The pride and purpose of work can be powerful motivators, even beyond financial necessity. Just ask our oldest team member, Bill.
On October 24, 1929, the New York Stock Exchange crashed, triggering the 12 years known as the Great Depression. Four weeks later, William "Bill" Burroughs was born in Danville, Illinois. His grandfather was a coal miner, his uncle fought in the Battle of the Bulge, his father was a butcher. Part of the "Greatest Generation," Bill grew up in a Middle America struggling to retain its deep roots and still become part of the modern world.
“I didn’t realize I didn’t have anything,” he said of growing up during the Depression era. His childhood was a happy one.
Bill got his first car at 16, when gas was 13 cents a gallon and someone pumped it for you and washed your windows while you waited. He worked at his dad’s grocery store while attending high school – Danville High, whose alumni included Dick and Jerry Van Dyke (they were "class clowns," recalled Bill). His best friend at school was actor Gene Hackman, with whom he occasionally double dated. In 1949, while in California visiting his cousins, Bill was to be set up with a local girl named Debbie Reynolds, who worked at the movie theatre. The date never happened but this was for the best, as shortly thereafter Bill met Reita, the woman who would become his wife three months later. Next summer they’ll celebrate 70 years together.
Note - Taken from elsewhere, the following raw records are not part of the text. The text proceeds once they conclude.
(* Let $(M,\varepsilon)$ be a local Lie group. Regarding the torsion $T$ as a section of $\Lambda^2(T^*M)\otimes TM$, one has $\widehat dT=0$.
   Context: $M$ is a smooth manifold of dimension $n\ge2$. A splitting $\varepsilon$ assigns to each $(p,q)\in M\times M$ a linear isomorphism $\varepsilon(p,q):T_pM\to T_qM$, smooth in $(p,q)$, with $\varepsilon(q,r)\circ\varepsilon(p,q)=\varepsilon(p,r)$, $\varepsilon(p,p)=\mathrm{id}$. In coordinates $\varepsilon(p,q)=(\varepsilon^i_j(x,y))$; set $\Gamma^i_{kj}(x)=[\partial\varepsilon^i_j(x,y)/\partial y^k]_{y=x}$ (summation convention). The torsion is $T^i_{jk}=\Gamma^i_{jk}-\Gamma^i_{kj}$. $(M,\varepsilon)$ is a local Lie group if the system $\partial f^i(x)/\partial x^j=\varepsilon^i_j(x,f(x))$ is completely integrable (for all $p,q$ there is a local diffeomorphism $f$ near $p$ with $f(p)=q$ and $df_x=\varepsilon(x,f(x))$); equivalently $\widehat{\mathfrak{R}}=0$, with $\widehat{\mathfrak{R}}^i_{rj,k}=\partial_r\Gamma^i_{kj}+\Gamma^a_{kr}\Gamma^i_{aj}-\partial_j\Gamma^i_{kr}-\Gamma^a_{kj}\Gamma^i_{ar}$. For a $TM$-valued $2$-form $\phi=(\phi^i_{kj})$, $(\widehat d\phi)^i_{rkj}=\widehat d_r\phi^i_{kj}-\widehat d_k\phi^i_{rj}-\widehat d_j\phi^i_{kr}$, where $\widehat d_r\phi^i_{kj}=\partial_r\phi^i_{kj}-\Gamma^i_{ar}\phi^a_{kj}$. *)

theory Defs
  imports "HOL-Analysis.Analysis"
begin

text \<open>Everything is done in a single coordinate chart: an open set U of R^n.
  Points are vectors of type real^'n; the splitting is a matrix-valued function
  eps (x,y) whose entry (i,j) is eps^i_j(x,y).\<close>

text \<open>C-infinity real-valued functions on an open set (coinductively: differentiable,
  and every directional derivative is again smooth).\<close>
coinductive smooth_on :: "'a::euclidean_space set \<Rightarrow> ('a \<Rightarrow> real) \<Rightarrow> bool" where
  "f differentiable_on U \<Longrightarrow> (\<forall>v. smooth_on U (\<lambda>x. frechet_derivative f (at x) v))
     \<Longrightarrow> smooth_on U f"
As a young man Bill liked to live dangerously. His father didn’t believe in college – just work – so in 1949 Bill got a job working on the high steel beams, 97 feet up, with no safety harness. After getting married, he worked closer to the ground. He spent five years as a lab chemist and 10 years as a drafter for General Motors and Fairbanks, respectively. Then came Bill’s true calling: the steel industry, where he spent 45 years working. The biggest surprise of his life, he says, came when he was made an engineer even though he wasn’t a college graduate.
It wasn’t all work. He and Reita have two children, three grandchildren and five great-grandchildren. He still plays golf. He loves to fish.
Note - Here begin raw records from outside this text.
(* For every $g\ge 2$, the Pearson degree correlation coefficient of $\mathcal{F}_g$ is $$r(\mathcal{F}_g)=\frac{(g-1)^2}{-3\cdot 2^g+g^2+2g+3}.$$
   Context: $\mathcal{F}_1$ is the 4-cycle; for $g>1$, $\mathcal{F}_g$ is obtained from $\mathcal{F}_{g-1}$ by replacing each edge $\{u,v\}$ with two new vertices each adjacent to both $u$ and $v$ (the edge $\{u,v\}$ itself is deleted). For a graph with $E$ edges whose $i$-th edge has endpoint degrees $j_i,k_i$, the Pearson correlation coefficient is $$r=\frac{E\sum_{i=1}^E j_ik_i-\left[\sum_{i=1}^E\frac12(j_i+k_i)\right]^2}{E\sum_{i=1}^E\frac12(j_i^2+k_i^2)-\left[\sum_{i=1}^E\frac12(j_i+k_i)\right]^2}.$$ *)

theory Defs
  imports Complex_Main
begin

text \<open>Vertices: the four vertices of the initial 4-cycle, and new vertices
  created when an edge {u,v} is subdivided (two per edge, distinguished by a bool).\<close>
datatype vtx = Base nat | Mid vtx vtx bool

text \<open>A graph is given by its set of (undirected) edges, each a 2-element vertex set.\<close>
type_synonym graph = "vtx set set"

definition verts :: "graph \<Rightarrow> vtx set" where
  "verts E = \<Union> E"

definition deg :: "graph \<Rightarrow> vtx \<Rightarrow> nat" where
  "deg E v = card {e \<in> E. v \<in> e}"

text \<open>One step of the construction: each edge {u,v} is deleted and replaced by two
  new vertices, each adjacent to both u and v.  The new vertices are named
  Mid u v b for a chosen ordering (u,v) of the edge.\<close>
definition step :: "graph \<Rightarrow> graph" where
  "step E = (\<Union>e\<in>E. \<Union>b\<in>(UNIV::bool set).
      (case (SOME p. e = {fst p, snd p}) of (u, v) \<Rightarrow>
         {{u, Mid u v b}, {v, Mid u v b}}))"

definition C4 :: graph where
  "C4 = {{Base 0, Base 1}, {Base 1, Base 2}, {Base 2, Base 3}, {Base 3, Base 0}}"

definition F :: "nat \<Rightarrow> graph" where
  "F g = (step ^^ (g - 1)) C4"

text \<open>Pearson degree correlation coefficient, exactly as in the paper, where for an
  edge e = {j-end, k-end}: j*k = prod of endpoint degrees, (j+k)/2 and (j^2+k^2)/2.\<close>
definition pearson :: "graph \<Rightarrow> real" where
  "pearson E = (let m = real (card E);
      S1 = (\<Sum>e\<in>E. \<Prod>v\<in>e. real (deg E v));
      S2 = (\<Sum>e\<in>E. (\<Sum>v\<in>e. real (deg E v)) / 2);
      S3 = (\<Sum>e\<in>E. (\<Sum>v\<in>e. real (deg E v) ^ 2) / 2)
    in (m * S1 - S2 ^ 2) / (m * S3 - S2 ^ 2))"

end

theory Submission
  imports Defs
begin

text \<open>Subdividing turns every edge of a graph into four edges, each joining an old vertex,
  whose degree doubles, to a new vertex of degree 2. Hence the degree power sums over edge
  endpoints, \<open>\<Sum>\<^sub>e \<Sum>\<^sub>v\<^sub>\<in>\<^sub>e deg v ^ p\<close>, satisfy a linear recurrence, and the sum of endpoint
  degree products of the subdivided graph is 8 times the first such sum of the old one.
  Starting from the 4-cycle, all terms of the Pearson coefficient of \<open>\<F>\<^sub>g\<close> have closed forms
  of the form \<open>4\<^sup>g\<close> times a polynomial in \<open>g\<close> and \<open>2\<^sup>g\<close>, and \<open>16\<^sup>g\<close> cancels in the quotient.\<close>

definition edge_ends :: "vtx set \<Rightarrow> vtx \<times> vtx" where
  "edge_ends e = (SOME p. e = {fst p, snd p})"

definition new_vertex :: "vtx set \<Rightarrow> bool \<Rightarrow> vtx" where
  "new_vertex e b = Mid (fst (edge_ends e)) (snd (edge_ends e)) b"

definition step_index :: "graph \<Rightarrow> (vtx set \<times> bool \<times> vtx) set" where
  "step_index E = (SIGMA e:E. UNIV \<times> e)"

definition step_edge :: "vtx set \<times> bool \<times> vtx \<Rightarrow> vtx set" where
  "step_edge = (\<lambda>(e, b, x). {x, new_vertex e b})"

text \<open>The last clause says that names \<open>Mid x y _\<close> are only used for vertices created by
  subdividing the edge \<open>{x, y}\<close>; it is what makes the vertices created by \<open>step\<close> fresh.\<close>
definition wf_graph :: "graph \<Rightarrow> bool" where
  "wf_graph E \<longleftrightarrow> finite E \<and> (\<forall>e\<in>E. card e = 2) \<and>
     (\<forall>w\<in>verts E. \<forall>x y c. w = Mid x y c \<longrightarrow> x \<in> verts E \<and> y \<in> verts E \<and> {x, y} \<notin> E)"

definition degree_moment :: "nat \<Rightarrow> graph \<Rightarrow> real" where
  "degree_moment p E = (\<Sum>e\<in>E. \<Sum>v\<in>e. real (deg E v) ^ p)"

lemma wf_graph_card_edge: "wf_graph E \<Longrightarrow> e \<in> E \<Longrightarrow> card e = 2"
  unfolding wf_graph_def by blast

lemma wf_graph_finite: "wf_graph E \<Longrightarrow> finite E"
  unfolding wf_graph_def by blast

lemma wf_graph_finite_edge: "wf_graph E \<Longrightarrow> e \<in> E \<Longrightarrow> finite e"
  using wf_graph_card_edge card.infinite by fastforce

lemma in_verts: "x \<in> e \<Longrightarrow> e \<in> E \<Longrightarrow> x \<in> verts E"
  unfolding verts_def by auto

lemma edge_ends: assumes "card e = 2" shows "e = {fst (edge_ends e), snd (edge_ends e)}"
proof -
  from assms obtain x y where "e = {x, y}" by (auto simp: card_2_iff)
  then have "\<exists>p. e = {fst p, snd p}" by (intro exI[of _ "(x, y)"]) auto
  then show ?thesis unfolding edge_ends_def by (rule someI_ex)
qed

lemma new_vertex_notin_verts:
  assumes "wf_graph E" "e \<in> E" shows "new_vertex e b \<notin> verts E"
proof
  assume "new_vertex e b \<in> verts E"
  with assms(1) have "{fst (edge_ends e), snd (edge_ends e)} \<notin> E"
    unfolding wf_graph_def new_vertex_def by blast
  with assms show False using edge_ends wf_graph_card_edge by metis
qed

lemma new_vertex_inject:
  assumes "wf_graph E" "e \<in> E" "e' \<in> E" "new_vertex e b = new_vertex e' b'"
  shows "e = e' \<and> b = b'"
  using assms edge_ends[OF wf_graph_card_edge] unfolding new_vertex_def by (metis vtx.inject(2))

lemma step_eq_image: assumes "wf_graph E" shows "step E = step_edge ` step_index E"
proof -
  have "(case edge_ends e of (u, v) \<Rightarrow> {{u, Mid u v b}, {v, Mid u v b}}) = (\<lambda>x. {x, new_vertex e b}) ` e"
    if "e \<in> E" for e b
    using edge_ends[OF wf_graph_card_edge[OF assms that]]
    by (cases "edge_ends e") (auto simp: new_vertex_def)
  then have "step E = (\<Union>e\<in>E. \<Union>b. (\<lambda>x. {x, new_vertex e b}) ` e)"
    unfolding step_def edge_ends_def[symmetric] by simp
  also have "\<dots> = step_edge ` step_index E"
    unfolding step_edge_def step_index_def by auto
  finally show ?thesis .
qed

lemma inj_on_step_edge: assumes "wf_graph E" shows "inj_on step_edge (step_index E)"
proof (rule inj_onI)
  fix d d' assume d: "d \<in> step_index E" "d' \<in> step_index E" "step_edge d = step_edge d'"
  obtain e b x e' b' x' where dd': "d = (e, b, x)" "d' = (e', b', x')" by (cases d, cases d')
  have mem: "e \<in> E" "x \<in> e" "e' \<in> E" "x' \<in> e'" using d(1,2) dd' unfolding step_index_def by auto
  have "new_vertex e b \<notin> verts E" "new_vertex e' b' \<notin> verts E"
    using new_vertex_notin_verts assms mem by auto
  moreover have "x \<in> verts E" "x' \<in> verts E" using mem in_verts by auto
  moreover have "{x, new_vertex e b} = {x', new_vertex e' b'}"
    using d(3) dd' unfolding step_edge_def by simp
  ultimately have "x = x' \<and> new_vertex e b = new_vertex e' b'" by (auto simp: doubleton_eq_iff)
  then show "d = d'" using new_vertex_inject[OF assms mem(1,3)] dd' by auto
qed

lemma finite_step_index: "wf_graph E \<Longrightarrow> finite (step_index E)"
  unfolding step_index_def by (auto intro!: finite_SigmaI wf_graph_finite wf_graph_finite_edge)

lemma sum_step:
  assumes "wf_graph E"
  shows "(\<Sum>f\<in>step E. G f) = (\<Sum>e\<in>E. \<Sum>x\<in>e. G {x, new_vertex e False} + G {x, new_vertex e True})"
proof -
  have "(\<Sum>f\<in>step E. G f) = (\<Sum>d\<in>step_index E. G (step_edge d))"
    unfolding step_eq_image[OF assms] by (rule sum.reindex_cong[OF inj_on_step_edge[OF assms]]) simp_all
  also have "\<dots> = (\<Sum>e\<in>E. \<Sum>(b, x)\<in>UNIV \<times> e. G (step_edge (e, b, x)))"
    unfolding step_index_def
    using wf_graph_finite[OF assms] wf_graph_finite_edge[OF assms] by (subst sum.Sigma) auto
  also have "\<dots> = (\<Sum>e\<in>E. \<Sum>b\<in>UNIV. \<Sum>x\<in>e. G (step_edge (e, b, x)))"
    by (simp add: sum.cartesian_product)
  also have "\<dots> = (\<Sum>e\<in>E. \<Sum>x\<in>e. G {x, new_vertex e False} + G {x, new_vertex e True})"
    by (simp add: UNIV_bool step_edge_def sum.distrib)
  finally show ?thesis .
qed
Asked why he’s still working today, Bill says that he can’t sit still; he needs to keep moving to stay alive for his family.
Bill is proud of being the oldest Goodwill team member. “It’s a good place to work,” he says matter-of-factly, adding that he especially enjoys working with his Supported Jobs Plus colleagues, helping them as much as possible. The associates call him "Mister Bill" and there’s no doubt he’s earned it. Watching him come into work is like watching a politician work a crowd. He has a few words with everybody, everyone gets a few moments of his attention – attention that is clearly focused on them. He talks to you and with you, cheerfully sharing stories of his youth and listening to the concerns and problems of teammates. It’s rare that he doesn’t have some words of wisdom. There isn’t a job title for what he does – "wares runner" doesn’t tell anything close to the whole tale – but not having him in the store would leave a terrible hole.
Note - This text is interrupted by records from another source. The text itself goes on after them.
lemma ID_property_image:
  assumes f: "continuous_map X Y f" and img: "f ` topspace X = topspace Y"
    and inv: "\<And>g y. g \<in> G \<Longrightarrow> y \<in> topspace X \<Longrightarrow> act g y \<in> topspace X"
    and equiv: "\<And>g y. g \<in> G \<Longrightarrow> y \<in> topspace X \<Longrightarrow> f (act g y) = act' g (f y)"
    and ID: "ID_property X G act"
  shows "ID_property Y G act'"
  unfolding ID_property_def
proof (intro allI impI, elim conjE)
  fix S assume S: "closedin Y S" "infinite S" "\<forall>g\<in>G. \<forall>x\<in>S. act' g x \<in> S"
  define T where "T = {y \<in> topspace X. f y \<in> S}"
  have "closedin X T" unfolding T_def by (rule closedin_continuous_map_preimage[OF f S(1)])
  moreover have "\<forall>g\<in>G. \<forall>y\<in>T. act g y \<in> T" using inv equiv S(3) by (simp add: T_def)
  moreover have "f ` T = S"
  proof
    show "f ` T \<subseteq> S" by (auto simp: T_def)
    show "S \<subseteq> f ` T"
    proof
      fix s assume "s \<in> S"
      then obtain y where "y \<in> topspace X" "s = f y" using img closedin_subset[OF S(1)] by blast
      thus "s \<in> f ` T" using \<open>s \<in> S\<close> by (auto simp: T_def)
    qed
  qed
  hence "infinite T" using S(2) by blast
  ultimately have "T = topspace X" using ID unfolding ID_property_def by blast
  thus "S = topspace Y" using \<open>f ` T = S\<close> img by simp
qed

lemma ID_property_dual_pullback:
  assumes "add_subgroup A" "add_subgroup B" "a \<noteq> 0" "\<And>x. x \<in> B \<Longrightarrow> a * x \<in> A"
    and "\<And>u x. u \<in> U \<Longrightarrow> u * x \<in> A \<longleftrightarrow> x \<in> A" "\<And>u x. u \<in> U \<Longrightarrow> u * x \<in> B \<longleftrightarrow> x \<in> B"
    and "ID_property (top_of_set (dual_group A)) U dual_act"
  shows "ID_property (top_of_set (dual_group B)) U dual_act"
proof (rule ID_property_image)
  show "continuous_map (top_of_set (dual_group A)) (top_of_set (dual_group B)) (dual_pullback a B)"
    using dual_pullback_image[OF assms(1-4)]
    by (auto intro: continuous_map_into_subtopology simp: continuous_on_dual_pullback)
qed (use assms dual_pullback_image dual_act_in_dual_group dual_pullback_dual_act in auto)

lemma is_ideal_add_subgroup: "is_ideal R J \<Longrightarrow> add_subgroup J"
  by (simp add: is_ideal_def add_subgroup_def)

lemma is_ideal_ring_of_integers:
  assumes "number_field K"
  shows "is_ideal (ring_of_integers K) (ring_of_integers K)"
  using assms algebraic_int_add algebraic_int_mult
  unfolding is_ideal_def number_field_def ring_of_integers_def by auto

lemma int_units_mult_mem_iff:
  assumes "is_ideal (ring_of_integers K) A" "u \<in> int_units K"
  shows "u * x \<in> A \<longleftrightarrow> x \<in> A"
proof -
  obtain v where "v \<in> ring_of_integers K" "u \<in> ring_of_integers K" "u * v = 1"
    using assms(2) by (auto simp: int_units_def)
  moreover have "x = v * (u * x)" using \<open>u * v = 1\<close> by (simp add: mult_ac)
  ultimately show ?thesis using assms(1) unfolding is_ideal_def by metis
qed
Bill knows it is not just any employer who would allow him to come to work each day. He is grateful that he works for a company that sees the value in all of its team members, especially those who have “been around the block” a time or two. When he does finally retire, it will be a sad day for Goodwill Manasota.
"Mister Bill" is the best example of a life well lived. He’s still living it and those who work with him are reaping the benefits, too. We’re so very grateful for what he does and we hope he’ll never stop.